NNC 26-0161
Evidence Grade C — Moderate human evidence. 44 published studies, 19 human. 2 registered clinical trials.
Ipamorelin is a research peptide that stimulates your body's natural growth hormone production. Originally developed by Novo Nordisk, it showed a more selective profile than older compounds in the same class — stimulating growth hormone without significantly affecting cortisol or prolactin. Despite this advantage, its only clinical trial (for post-operative bowel recovery) failed, and it was never brought to market.
44 published studies: 19 human, 20 animal, 10 in-vitro, 3 reviews
Ipamorelin has no marketing authorisation. A Phase II trial in post-operative ileus (approximately 114 patients) did not demonstrate significant acceleration of bowel function recovery. Phase I data confirmed dose-dependent growth hormone elevation without cortisol or prolactin changes.
The compound's clinical development was not advanced beyond Phase II. It is widely available through unregulated channels, often combined with CJC-1295. These combinations have no clinical trial support. Products from unregulated sources lack pharmaceutical quality assurance.
Research suggests ipamorelin activates the ghrelin receptor (GHS-R1a) on pituitary cells. Early-phase studies indicated it may stimulate growth hormone release with less effect on cortisol and prolactin compared to earlier compounds in this class. These observations are from Phase I pharmacokinetic data and have not been confirmed in efficacy-focused clinical trials.
Research suggests ipamorelin's Phase I data confirmed dose-dependent growth hormone elevation without the cortisol or prolactin spikes seen with GHRP-2 and GHRP-6 — a selectivity advantage that made it the most popular growth hormone secretagogue in unregulated channels. A Phase II trial for post-operative ileus (approximately 114 patients) did not demonstrate significant efficacy. No long-term safety data, no efficacy data for any clinical outcome, and no established dosing exist. The widely used combination with CJC-1295 has no clinical trial support whatsoever. Products from unregulated sources lack pharmaceutical quality assurance.
Safety and Efficacy of Ipamorelin Compared to Placebo for the Recovery of Gastrointestinal Function
Safety and Efficacy of Ipamorelin for Management of Post-Operative Ileus
The information on this page is provided for educational and research reference purposes only. This is not medical advice. Always consult a qualified healthcare professional before making any health-related decisions.
Somatropin has been available since the mid-1980s and is one of the most established peptide therapies. It is sold under numerous brand names including Genotropin, Humatrope, Norditropin, and Omnitrope (the first biosimilar approved in the US, 2006). Approved indications include childhood and adult growth hormone deficiency, Turner syndrome, children born small for gestational age, Prader-Willi syndrome, idiopathic short stature, and short stature from chronic kidney disease. Daily injection has been the main burden of somatropin therapy, particularly for paediatric patients who may require years of treatment. This has driven the development of once-weekly alternatives (somatrogon and somapacitan), which are gradually changing the treatment landscape. Annual treatment costs remain substantial, and concerns about misuse in anti-ageing and performance enhancement contexts are ongoing.

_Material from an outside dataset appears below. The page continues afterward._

(* Let $H=\Bbbk[D]$, let $A$ be an alternative algebra over $\Bbbk$ which is not associative, and let $a,b,c\in A$ with $\{a,b,c\}:=(ab)c-a(bc)\neq0$. Let $A[t]=A\otimes\Bbbk[t]$ with the coaction $\Delta_{A[t]}(u\otimes t^n)=\sum_{s\ge0}\binom ns D^s\otimes(u\otimes t^{n-s})$, and let $P(A[t])=H\otimes A[t]$ with the pseudoproduct $(h\otimes u)*(g\otimes v)=h\,v_{(1)}\otimes g\,u_{(1)}\otimes_H(1\otimes u_{(2)}v_{(2)})$. Then $A[t]$ is an $H$-comodule algebra, $P(A[t])$ is an alternative $H$-pseudoalgebra (i.e. an alternative conformal algebra), and for $x=1\otimes(a\otimes t+b\otimes1)$, $y=1\otimes(c\otimes1)$ one has $$(x*y)*x-x*(y*x)=(D\otimes1\otimes1)\otimes_H\big(1\otimes(\{b,c,a\}\otimes1)\big)+(1\otimes1\otimes D)\otimes_H\big(1\otimes(\{a,c,b\}\otimes1)\big)\neq0.$$ In particular, the conformal subalgebra of $P(A[t])$ generated by the two elements $x,y$ is not associative.
   Context: $\Bbbk$ is a field of characteristic $0$; $H=\Bbbk[D]$ is the Hopf algebra with $\Delta(D)=D\otimes1+1\otimes D$, $\varepsilon(D)=0$, $S(D)=-D$. An algebra is alternative if $(xx)y=x(xy)$ and $x(yy)=(xy)y$ for all $x,y$. An $H$-comodule algebra is an algebra $B$ with an algebra homomorphism $\Delta_B:B\to H\otimes B$, $\Delta_B(u)=u_{(1)}\otimes u_{(2)}$, with $(\mathrm{id}_H\otimes\Delta_B)\Delta_B=(\Delta\otimes\mathrm{id}_B)\Delta_B$ and $\varepsilon(u_{(1)})u_{(2)}=u$. $H^{\otimes n}\otimes_HM$ is formed with respect to the right action $(f_1\otimes\cdots\otimes f_n)h=f_1h_{(1)}\otimes\cdots\otimes f_nh_{(n)}$. Iterated pseudoproducts use the expanded pseudoproduct: if $u*v=\sum_if_i\otimes g_i\otimes_Hw_i$ then $(F\otimes_Hu)*(G\otimes_Hv)=\sum_iF\Delta^{(n)}(f_i)\otimes G\Delta^{(m)}(g_i)\otimes_Hw_i$ for $F\in H^{\otimes n}$, $G\in H^{\otimes m}$ ($\Delta^{(1)}=\mathrm{id}$, $\Delta^{(k+1)}=(\mathrm{id}\otimes\Delta^{(k)})\Delta$), elements $u$ being regarded as $1\otimes_Hu$. An $H$-pseudoalgebra $P$ is alternative if for all $u,v,w\in P$: $u*(v*w)-(u*v)*w=(\sigma_{12}\otimes_H\mathrm{id})((v*u)*w-v*(u*w))$ and $u*(v*w)-(u*v)*w=(\sigma_{23}\otimes_H\mathrm{id})((u*w)*v-u*(w*v))$, where $\sigma_{ij}$ transposes the $i$-th and $j$-th tensor factors of $H^{\otimes3}$; it is associative if $(u*v)*w=u*(v*w)$. *)

theory Defs
  imports "HOL-Computational_Algebra.Polynomial"
begin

Tesamorelin is marketed as Egrifta SV (approved November 2010) for the reduction of excess abdominal fat in HIV-infected patients with lipodystrophy. In clinical trials, it reduced visceral fat by approximately 15% compared to a 5% increase with placebo, and this reduction was sustained with continued treatment. Tesamorelin occupies a unique niche — it is the only approved GHRH analogue and the only medication specifically approved for HIV-associated lipodystrophy. Beyond its approved indication, it has attracted research interest for potential effects on liver fat, cognitive function, and peripheral neuropathy. Fat reduction reverses when treatment stops, and it is not approved for general weight loss or body composition purposes.
Somatrogon is marketed as Ngenla (approved June 2023) for paediatric growth hormone deficiency in children aged 3 years and older. In the pivotal trial, once-weekly somatrogon produced growth rates equivalent to daily somatropin injections (10.1 cm/year versus 9.8 cm/year), confirming that reducing injection frequency does not compromise growth outcomes. Ngenla represents a meaningful advance for paediatric patients and their families, reducing injections from 365 to 52 per year. Treatment adherence has been a persistent challenge with daily growth hormone, and weekly dosing is expected to improve long-term outcomes through better compliance. Somatrogon competes directly with somapacitan (Sogroya), the other approved weekly growth hormone, creating a new generation of less burdensome treatment options.